When can 'the' be used before a name?
That is just an example. I have noticed that people here don't bother to vote much. Can something be done about it?
Now I don't know which one of those is a correct or more correct answer.
When can 'the' be used before a name?
That is just an example. I have noticed that people here don't bother to vote much. Can something be done about it?
Now I don't know which one of those is a correct or more correct answer.
Two factors which might contribute to fewer votes per question here:
Take a quick browse through our questions and you'll see that a very large proportion of our users have great difficulty framing their own questions. It's not unreasonable to suppose they may have similar difficulty reading and understanding the questions of others; and even those who do read questions may feel considerable diffidence about expressing an opinion of their value.
I glanced at the stats for the sites you're active on, Seasoned Advice, Photography and Parenting.† They all have usercounts (26k, 24k, 11k) comparable to ELL's 15k, but many fewer questions per day (6.6, 7.4, 2.7 against ELL's 30). Each day there are 3500 to 4000 users for each new question on those sites, where here there are only about 500 users for each new question. The numbers are similar when you consider only fairly high-rep users, the ones who do most of the work, including the voting. There are 30-40 users with rep>1000 for each question on the other sites; here there are only 6.

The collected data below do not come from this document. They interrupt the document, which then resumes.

abbreviation dims :: "nat \<Rightarrow> nat" where
  "dims i \<equiv> vec.dim (V i)"

abbreviation \<sigma> :: "nat \<Rightarrow> nat \<Rightarrow> real" where
  "\<sigma> i j \<equiv> sigma k dims i j"

lemma B_mem_V: "1 \<le> i \<Longrightarrow> i \<le> k \<Longrightarrow> x \<in> V i \<Longrightarrow> B *v x \<in> V (i - 1)"
  using B_V by blast

lemma orthogonal_to_other_components:
  assumes "\<forall>l\<le>k. l \<noteq> i \<longrightarrow> (\<forall>z\<in>V l. cinner x z = 0)"
  shows "i \<le> k \<Longrightarrow> x \<in> V i" and "k < i \<Longrightarrow> x = 0"
proof -
  obtain v where v: "\<forall>l\<le>k. v l \<in> V l" and x: "x = (\<Sum>l\<le>k. v l)"
    using sum_V by blast
  have "v l = 0" if l: "l \<le> k" "l \<noteq> i" for l
  proof -
    have "cinner (v l) (v l) = (\<Sum>l'\<le>k. if l' = l then cinner (v l') (v l) else 0)"
      using l by simp
    also have "\<dots> = (\<Sum>l'\<le>k. cinner (v l') (v l))"
      by (rule sum.cong) (use orthogonal_V v l in auto)
    also have "\<dots> = cinner x (v l)"
      by (simp add: x cinner_sum_left)
    also have "\<dots> = 0"
      using assms v l by simp
    finally show ?thesis by simp
  qed
  then have "x = (\<Sum>l\<le>k. if l = i then v i else 0)"
    unfolding x by (intro sum.cong) auto
  then have "x = (if i \<le> k then v i else 0)"
    by simp
  then show "i \<le> k \<Longrightarrow> x \<in> V i" and "k < i \<Longrightarrow> x = 0"
    using v by auto
qed

lemma adjoint_orthogonal_to_other_components:
  assumes i: "1 \<le> i" "i \<le> Suc k" and y: "y \<in> V (i - 1)"
  shows "\<forall>l\<le>k. l \<noteq> i \<longrightarrow> (\<forall>z\<in>V l. cinner (adjoint B *v y) z = 0)"
proof (intro allI impI ballI)
  fix l z assume l: "l \<le> k" "l \<noteq> i" and z: "z \<in> V l"
  have "cinner y (B *v z) = 0"
  proof (cases "l = 0")
    case True
    then show ?thesis using z V_0 by simp
  next
    case False
    then have "B *v z \<in> V (l - 1)"
      using B_mem_V l z by simp
    moreover have "i - 1 \<le> k" "l - 1 \<le> k" "i - 1 \<noteq> l - 1"
      using i l False by auto
    ultimately show ?thesis
      using orthogonal_V y by blast
  qed
  then show "cinner (adjoint B *v y) z = 0"
    by (simp add: cinner_adjoint_right)
qed

lemma adjoint_mem_V:
  "1 \<le> i \<Longrightarrow> i \<le> k \<Longrightarrow> y \<in> V (i - 1) \<Longrightarrow> adjoint B *v y \<in> V i"
  using orthogonal_to_other_components(1) adjoint_orthogonal_to_other_components by simp

lemma adjoint_V_top_eq_0: "y \<in> V k \<Longrightarrow> adjoint B *v y = 0"
  using orthogonal_to_other_components(2)[OF adjoint_orthogonal_to_other_components, of "Suc k"]
  by simp

lemma Eop_eq: "1 \<le> i \<Longrightarrow> i \<le> k \<Longrightarrow> x \<in> V i \<Longrightarrow> Eop B V i x = B *v x"
  using B_V subspace_V by (simp add: Eop_def cproj_of_mem)

lemma Eadj_eq: "1 \<le> i \<Longrightarrow> i \<le> k \<Longrightarrow> y \<in> V (i - 1) \<Longrightarrow> Eadj B V i y = adjoint B *v y"
  using adjoint_mem_V subspace_V by (simp add: Eadj_def cproj_of_mem)
(* Let $l\ge 3$, $\mathfrak g=\mathfrak{sl}_{l+1}(\mathbb C)$, $v'_{l,1}=e_{\epsilon_1-\epsilon_{l+1}}e_{\epsilon_2-\epsilon_l}-e_{\epsilon_2-\epsilon_{l+1}}e_{\epsilon_1-\epsilon_l}\in U(\mathfrak g)$, $R$ the adjoint $\mathfrak g$-submodule of $U(\mathfrak g)$ generated by $v'_{l,1}$, $R_0$ its zero-weight subspace, and $\mathcal P_0=\{p_r : r\in R_0\}$. Define polynomials in $h_1,\dots,h_l$: (1) $p_{ij}(h)=h_ih_j$ for $i=1,\dots,l-2$ and $j$ with $j-i\ge 2$ (and $j\le l$); (2) $q_i(h)=h_i(h_{i-1}+h_i+h_{i+1}+1)$ for $i=2,\dots,l-1$. Then all $p_{ij}$ and $q_i$ belong to $\mathcal P_0$.
   Context: $\mathfrak g=\mathfrak{sl}_{l+1}(\mathbb C)$ with Cartan subalgebra $\mathfrak h$ of traceless diagonal matrices, triangular decomposition $\mathfrak g=\mathfrak n_-\oplus\mathfrak h\oplus\mathfrak n_+$ ($\mathfrak n_+$ strictly upper triangular), simple roots $\alpha_i=\epsilon_i-\epsilon_{i+1}$. For $i<j$: $e_{\epsilon_i-\epsilon_j}=(-1)^{j-i-1}E_{ij}$, $f_{\epsilon_i-\epsilon_j}=(-1)^{j-i-1}E_{ji}$, $h_{\epsilon_i-\epsilon_j}=E_{ii}-E_{jj}$, $h_i=h_{\alpha_i}$. The adjoint action is $X_L f=[X,f]$. For $r\in R_0$, $p_r$ denotes the unique element of $S(\mathfrak h)=\mathbb C[h_1,\dots,h_l]$ with $r-p_r\in U(\mathfrak g)\mathfrak n_+$; equivalently $r v_\mu=p_r(\mu)v_\mu$ for every highest weight vector $v_\mu$ of weight $\mu\in\mathfrak h^*$ (polynomials are evaluated at $\mu$ via $h_i\mapsto\mu(h_i)$). *)

theory Defs
  imports Complex_Main
begin

text \<open>Matrices of size (l+1)x(l+1), indices 1..l+1, as functions with support in that range.\<close>
type_synonym mat = "nat \<Rightarrow> nat \<Rightarrow> complex"

definition sl :: "nat \<Rightarrow> mat set" where
  "sl l = {A. (\<forall>i j. A i j \<noteq> 0 \<longrightarrow> i \<in> {1..l+1} \<and> j \<in> {1..l+1})
              \<and> (\<Sum>i=1..l+1. A i i) = 0}"

definition madd :: "mat \<Rightarrow> mat \<Rightarrow> mat" where
  "madd A B = (\<lambda>i j. A i j + B i j)"

definition msc :: "complex \<Rightarrow> mat \<Rightarrow> mat" where
  "msc c A = (\<lambda>i j. c * A i j)"

definition mbr :: "nat \<Rightarrow> mat \<Rightarrow> mat \<Rightarrow> mat" where
  "mbr l A B = (\<lambda>i j. (\<Sum>k=1..l+1. A i k * B k j - B i k * A k j))"

definition Emat :: "nat \<Rightarrow> nat \<Rightarrow> mat" where
  "Emat a b = (\<lambda>i j. if i = a \<and> j = b then 1 else 0)"

definition cartan :: "nat \<Rightarrow> mat set" where
  "cartan l = {H \<in> sl l. \<forall>i j. i \<noteq> j \<longrightarrow> H i j = 0}"

definition nplus :: "nat \<Rightarrow> mat set" where
  "nplus l = {X \<in> sl l. \<forall>i j. j \<le> i \<longrightarrow> X i j = 0}"

text \<open>Tensor algebra T(g) (free associative algebra on the set g):
  finitely supported functions from words of elements of g to complex numbers.\<close>
type_synonym tens = "mat list \<Rightarrow> complex"

definition tspace :: "nat \<Rightarrow> tens set" where
  "tspace l = {f. finite {w. f w \<noteq> 0} \<and> (\<forall>w. f w \<noteq> 0 \<longrightarrow> set w \<subseteq> sl l)}"

definition tzero :: tens where "tzero = (\<lambda>w. 0)"
definition tone :: tens where "tone = (\<lambda>w. if w = [] then 1 else 0)"
definition tgen :: "mat \<Rightarrow> tens" where "tgen A = (\<lambda>w. if w = [A] then 1 else 0)"
definition tadd :: "tens \<Rightarrow> tens \<Rightarrow> tens" where "tadd f g = (\<lambda>w. f w + g w)"
definition tsc :: "complex \<Rightarrow> tens \<Rightarrow> tens" where "tsc c f = (\<lambda>w. c * f w)"
definition tsub :: "tens \<Rightarrow> tens \<Rightarrow> tens" where "tsub f g = (\<lambda>w. f w - g w)"
definition tmul :: "tens \<Rightarrow> tens \<Rightarrow> tens" where
  "tmul f g = (\<lambda>w. \<Sum>k\<in>{0..length w}. f (take k w) * g (drop k w))"

text \<open>Two-sided ideal I with U(g) = T(g)/I: generated by the linearity relations
  of the embedding g -> T(g) and by XY - YX - [X,Y].\<close>
inductive_set uideal :: "nat \<Rightarrow> tens set" for l where
  zero: "tzero \<in> uideal l"
| lin_add: "A \<in> sl l \<Longrightarrow> B \<in> sl l \<Longrightarrow> tsub (tgen (madd A B)) (tadd (tgen A) (tgen B)) \<in> uideal l"
| lin_sc: "A \<in> sl l \<Longrightarrow> tsub (tgen (msc c A)) (tsc c (tgen A)) \<in> uideal l"
| comm: "A \<in> sl l \<Longrightarrow> B \<in> sl l \<Longrightarrow>
     tsub (tsub (tmul (tgen A) (tgen B)) (tmul (tgen B) (tgen A))) (tgen (mbr l A B)) \<in> uideal l"
| add: "x \<in> uideal l \<Longrightarrow> y \<in> uideal l \<Longrightarrow> tadd x y \<in> uideal l"
| sc: "x \<in> uideal l \<Longrightarrow> tsc c x \<in> uideal l"
| lmul: "x \<in> uideal l \<Longrightarrow> a \<in> tspace l \<Longrightarrow> tmul a x \<in> uideal l"
| rmul: "x \<in> uideal l \<Longrightarrow> a \<in> tspace l \<Longrightarrow> tmul x a \<in> uideal l"

text \<open>Preimage in T(g) of the left ideal U(g) n_+.\<close>
inductive_set leftN :: "nat \<Rightarrow> tens set" for l where
  ideal: "x \<in> uideal l \<Longrightarrow> x \<in> leftN l"
| gen: "a \<in> tspace l \<Longrightarrow> X \<in> nplus l \<Longrightarrow> tmul a (tgen X) \<in> leftN l"
| add: "x \<in> leftN l \<Longrightarrow> y \<in> leftN l \<Longrightarrow> tadd x y \<in> leftN l"
| sc: "x \<in> leftN l \<Longrightarrow> tsc c x \<in> leftN l"

text \<open>Root vectors e_{eps_a - eps_b} = (-1)^(b-a-1) E_{ab} for a<b, and h_i.\<close>
definition eroot :: "nat \<Rightarrow> nat \<Rightarrow> mat" where
  "eroot a b = msc ((-1) ^ (b - a - 1)) (Emat a b)"

definition hh :: "nat \<Rightarrow> tens" where
  "hh i = tgen (madd (Emat i i) (msc (-1) (Emat (Suc i) (Suc i))))"

definition vprime :: "nat \<Rightarrow> tens" where
  "vprime l = tsub (tmul (tgen (eroot 1 (l+1))) (tgen (eroot 2 l)))
                   (tmul (tgen (eroot 2 (l+1))) (tgen (eroot 1 l)))"

text \<open>Preimage in T(g) of the adjoint submodule R generated by v' (ad_X u = Xu - uX).\<close>
inductive_set Rmod :: "nat \<Rightarrow> tens set" for l where
  base: "vprime l \<in> Rmod l"
| ideal: "x \<in> uideal l \<Longrightarrow> x \<in> Rmod l"
| ad: "x \<in> Rmod l \<Longrightarrow> X \<in> sl l \<Longrightarrow> tsub (tmul (tgen X) x) (tmul x (tgen X)) \<in> Rmod l"
| add: "x \<in> Rmod l \<Longrightarrow> y \<in> Rmod l \<Longrightarrow> tadd x y \<in> Rmod l"
| sc: "x \<in> Rmod l \<Longrightarrow> tsc c x \<in> Rmod l"

definition R0 :: "nat \<Rightarrow> tens set" where
  "R0 l = {r \<in> Rmod l. \<forall>H \<in> cartan l. tsub (tmul (tgen H) r) (tmul r (tgen H)) \<in> uideal l}"

text \<open>p (a polynomial in h_1..h_l, realised as an element of S(h) \<subseteq> U(g)) lies in P_0
  iff p = p_r for some r in R_0, i.e. r - p \<in> U(g) n_+ (p_r is unique).\<close>
definition inP0 :: "nat \<Rightarrow> tens \<Rightarrow> bool" where
  "inP0 l p \<longleftrightarrow> (\<exists>r \<in> R0 l. tsub r p \<in> leftN l)"

end

theory Submission
  imports Defs "HOL-Library.Function_Algebras"
begin

text \<open>
  Write \<open>E\<^sub>a\<^sub>b\<close> for the matrix units and \<open>minor a b c d = E\<^sub>a\<^sub>c E\<^sub>b\<^sub>d - E\<^sub>b\<^sub>c E\<^sub>a\<^sub>d\<close>.
  Modulo the defining ideal of \<open>U(g)\<close>, \<open>v'\<close> is \<open>minor 1 2 (l+1) l\<close>: the signs of the root
  vectors cancel. The adjoint action of \<open>E\<^sub>x\<^sub>a\<close> replaces the index \<open>a\<close> of a minor by a fresh
  index \<open>x\<close>, and a minor only changes by a nonzero factor when two adjacent indices are exchanged,
  so \<open>R\<close> contains the minors of all quadruples of distinct indices. Applying \<open>ad E\<^sub>b\<^sub>a\<close> and then
  \<open>ad E\<^sub>d\<^sub>c\<close> to \<open>minor a c b d\<close> gives a zero-weight element of \<open>R\<close>. Modulo \<open>U(g) n\<^sub>+\<close> a product
  \<open>E\<^sub>y\<^sub>x E\<^sub>x\<^sub>y\<close> with \<open>x < y\<close> vanishes and \<open>E\<^sub>x\<^sub>y E\<^sub>y\<^sub>x\<close> reduces to \<open>E\<^sub>x\<^sub>x - E\<^sub>y\<^sub>y\<close>, so this element
  projects to a quadratic polynomial in the \<open>h\<^sub>i\<close>; the quadruples \<open>(i, i+1, j, j+1)\<close> and
  \<open>(i+1, i, i+2, i-1)\<close> give \<open>h\<^sub>i h\<^sub>j\<close> and \<open>h\<^sub>i (h\<^sub>i\<^sub>-\<^sub>1 + h\<^sub>i + h\<^sub>i\<^sub>+\<^sub>1 + 1)\<close>.
\<close>

lemma tadd_eq_plus [simp]: "tadd f g = f + g"
  by (rule ext) (simp add: tadd_def)

lemma tsub_eq_minus [simp]: "tsub f g = f - g"
  by (rule ext) (simp add: tsub_def)

lemma tzero_eq_zero [simp]: "tzero = 0"
  by (rule ext) (simp add: tzero_def)

lemma tmul_Nil: "tmul f g [] = f [] * g []"
  by (simp add: tmul_def)

lemma tmul_Cons: "tmul f g (x # w) = f [] * g (x # w) + tmul (\<lambda>u. f (x # u)) g w"
  unfolding tmul_def by (simp only: length_Cons sum.atLeast0_atMost_Suc_shift) simp

lemma tmul_linear_left: "tmul (\<lambda>u. c * f u + f' u) g w = c * tmul f g w + tmul f' g w"
  by (simp add: tmul_def sum.distrib sum_distrib_left algebra_simps)

lemma tmul_assoc: "tmul (tmul f g) h = tmul f (tmul g h)"
proof (rule ext)
  fix w show "tmul (tmul f g) h w = tmul f (tmul g h) w"
  proof (induction w arbitrary: f)
    case Nil
    then show ?case by (simp add: tmul_Nil)
  next
    case (Cons x w)
    have "(\<lambda>u. tmul f g (x # u)) = (\<lambda>u. f [] * g (x # u) + tmul (\<lambda>u. f (x # u)) g u)"
      by (simp add: tmul_Cons)
    then have "tmul (tmul f g) h (x # w) =
        f [] * g [] * h (x # w) + (f [] * tmul (\<lambda>u. g (x # u)) h w + tmul (tmul (\<lambda>u. f (x # u)) g) h w)"
      by (simp add: tmul_Cons tmul_Nil tmul_linear_left)
    then show ?case
      by (simp add: tmul_Cons tmul_Nil Cons.IH algebra_simps)
  qed
qed
lemma psd_diag_nonneg: "psd A \<Longrightarrow> 0 \<le> Re (A $ a $ a)"
  unfolding psd_def by (metis cinner_axis_left matrix_vector_mult_axis_nth)

lemma cinner_diff_smult_expand:
  "cinner (v - t *s w) (A *v (v - t *s w)) =
     cinner v (A *v v) - t * cinner v (A *v w) - cnj t * cinner w (A *v v) + cnj t * t * cinner w (A *v w)"
  by (simp add: matrix_vector_mult_diff_distrib vector_scalar_commute cinner_diff_left cinner_diff_right
      cinner_smult_left cinner_smult_right algebra_simps)

text \<open>Testing positivity on \<open>e\<^sub>c - s y e\<^sub>a\<close> with \<open>y = A\<^sub>a\<^sub>c\<close> and large \<open>s\<close>.\<close>
lemma psd_zero_diag_imp_zero_row:
  assumes h: "hermitian_mat A" and p: "psd A" and z: "A $ a $ a = 0"
  shows "A $ a $ c = 0"
proof (rule ccontr)
  assume nz: "A $ a $ c \<noteq> 0"
  let ?y = "A $ a $ c"
  define s where "s = (Re (A $ c $ c) + 1) / (2 * (cmod ?y)\<^sup>2)"
  have s: "2 * s * (cmod ?y)\<^sup>2 = Re (A $ c $ c) + 1"
    using nz unfolding s_def by (simp add: field_simps)
  define t where "t = complex_of_real s * ?y"
  have y_cnj_y: "?y * cnj ?y = complex_of_real ((cmod ?y)\<^sup>2)"
    by (metis complex_norm_square of_real_power)
  have "0 \<le> Re (cinner (axis c 1 - t *s axis a 1) (A *v (axis c 1 - t *s axis a 1)))"
    using p unfolding psd_def by blast
  also have "\<dots> = Re (A $ c $ c) - Re (t * cnj ?y) - Re (cnj t * ?y)"
    by (simp add: cinner_diff_smult_expand cinner_axis_left matrix_vector_mult_axis_nth z
        hermitian_mat_nth[OF h, of a c])
  also have "\<dots> = Re (A $ c $ c) - 2 * s * (cmod ?y)\<^sup>2"
    by (simp add: t_def mult.assoc y_cnj_y mult.left_commute[of "cnj ?y"] mult.commute[of "cnj ?y"])
  finally show False using s by linarith
qed

definition outer :: "complex ^ 'k \<Rightarrow> complex ^ 'k ^ 'k" where
  "outer b = (\<chi> i j. b $ i * cnj (b $ j))"

lemma hermitian_mat_outer: "hermitian_mat (outer b)"
  by (rule hermitian_matI) (simp add: outer_def mult.commute)

lemma cinner_outer: "cinner v (outer b *v v) = cnj (cinner b v) * cinner b v"
  by (simp add: cinner_def outer_def matrix_vector_mult_def sum_distrib_left sum_distrib_right mult_ac)
     (rule sum.swap)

Our attention has been spread a lot thinner these days; I imagine I spend more time on the site than most, and it's been months since I was able to look closely at as many as half the questions.
†The other site you frequent, SO, operates on such a vastly different scale I'm not sure how to treat it.
I have always maintained that most regular users are dying to upvote a really good question – if they could only find one.
I often plead, I often urge: "Please, provide context. Please, provide details. Explain why you're asking the question. Show us your references."
I did some investigating into some of your questions, to see what I could find.
One of the first ones I looked at was this question. It took me a minute to even figure out what the question was, because you've put the question in the title. All told, it's overly brief. It's cryptic. Before I can even start thinking of an answer, I have to figure out what your question is.
It's a fairly interesting question, but, in its current format, I can't bring myself to upvote it.
The question should be clear in the body of the question (not in the title only). I would've formatted the question something like this:
'Stay a long time' vs. 'Stay FOR a long time'
Here is a quote from The Faraway Tree, a series of children's books:
He is going to stay quite a long time.
I want to know, why doesn't this sentence include a "for":
He is going to stay for quite a long time.
Why is for not necessary there? Will it be wrong if I use for there?
I thought your comment here was telling:
@pazzo I thought it would be obvious. I am talking about the in front of faraway tree. That is the name of the tree, isn't it?
No, it's not obvious – and that might be part of the problem.
I will upvote questions (I've done so more than 700 times), but I'm not going to upvote when questions appear sloppy and hastily written, or only provide minimal context.
Bottom line: If you want more of your questions to be upvoted, you should strive to write better questions.
This query of the top upvoted answers shows that there is plenty of voting going on on ELL.
Some possible reasons why answers for certain questions may not get a lot of votes:
I think incorrect answers get voted down pretty quickly, so maybe the community bar for up-voting is just high. I don't think it's a sign of an unhealthy site necessarily.
The question, correctly or incorrectly, has been marked as a duplicate. I am perhaps hesitant to vote on the answers of a duplicate question. I do not even know what happens to duplicate questions. Maybe they disappear after awhile.
If you want a better answer to this particular question, perhaps you could edit it to include links to other questions you have posted so one can easily access them and look at what might be going on voting-wise. The more effort you put into something, the more likely a native speaker will put forth more effort, because they can spend their time actually answering and not doing stuff you yourself can do and provide.
As for "in general," English, as any language, is a complicated affair, and sometimes I personally will not vote on an answer that I don't think does the question justice. That is, if an answer is only "helpful" but does not deal with the subject in a rather comprehensive manner, or at least from a detailed or technical perspective, or if it is only partially true, or if it may fit the one example a user asks about but not a very similar one, I may not upvote it.
I know every answer cannot be a thesis--and I am not necessarily in favor of answers that read like chapters from a book (a la BenKovitz and others, even myself, at times) but some answers are too facile, even if a bit helpful. I guess I look for a happy medium.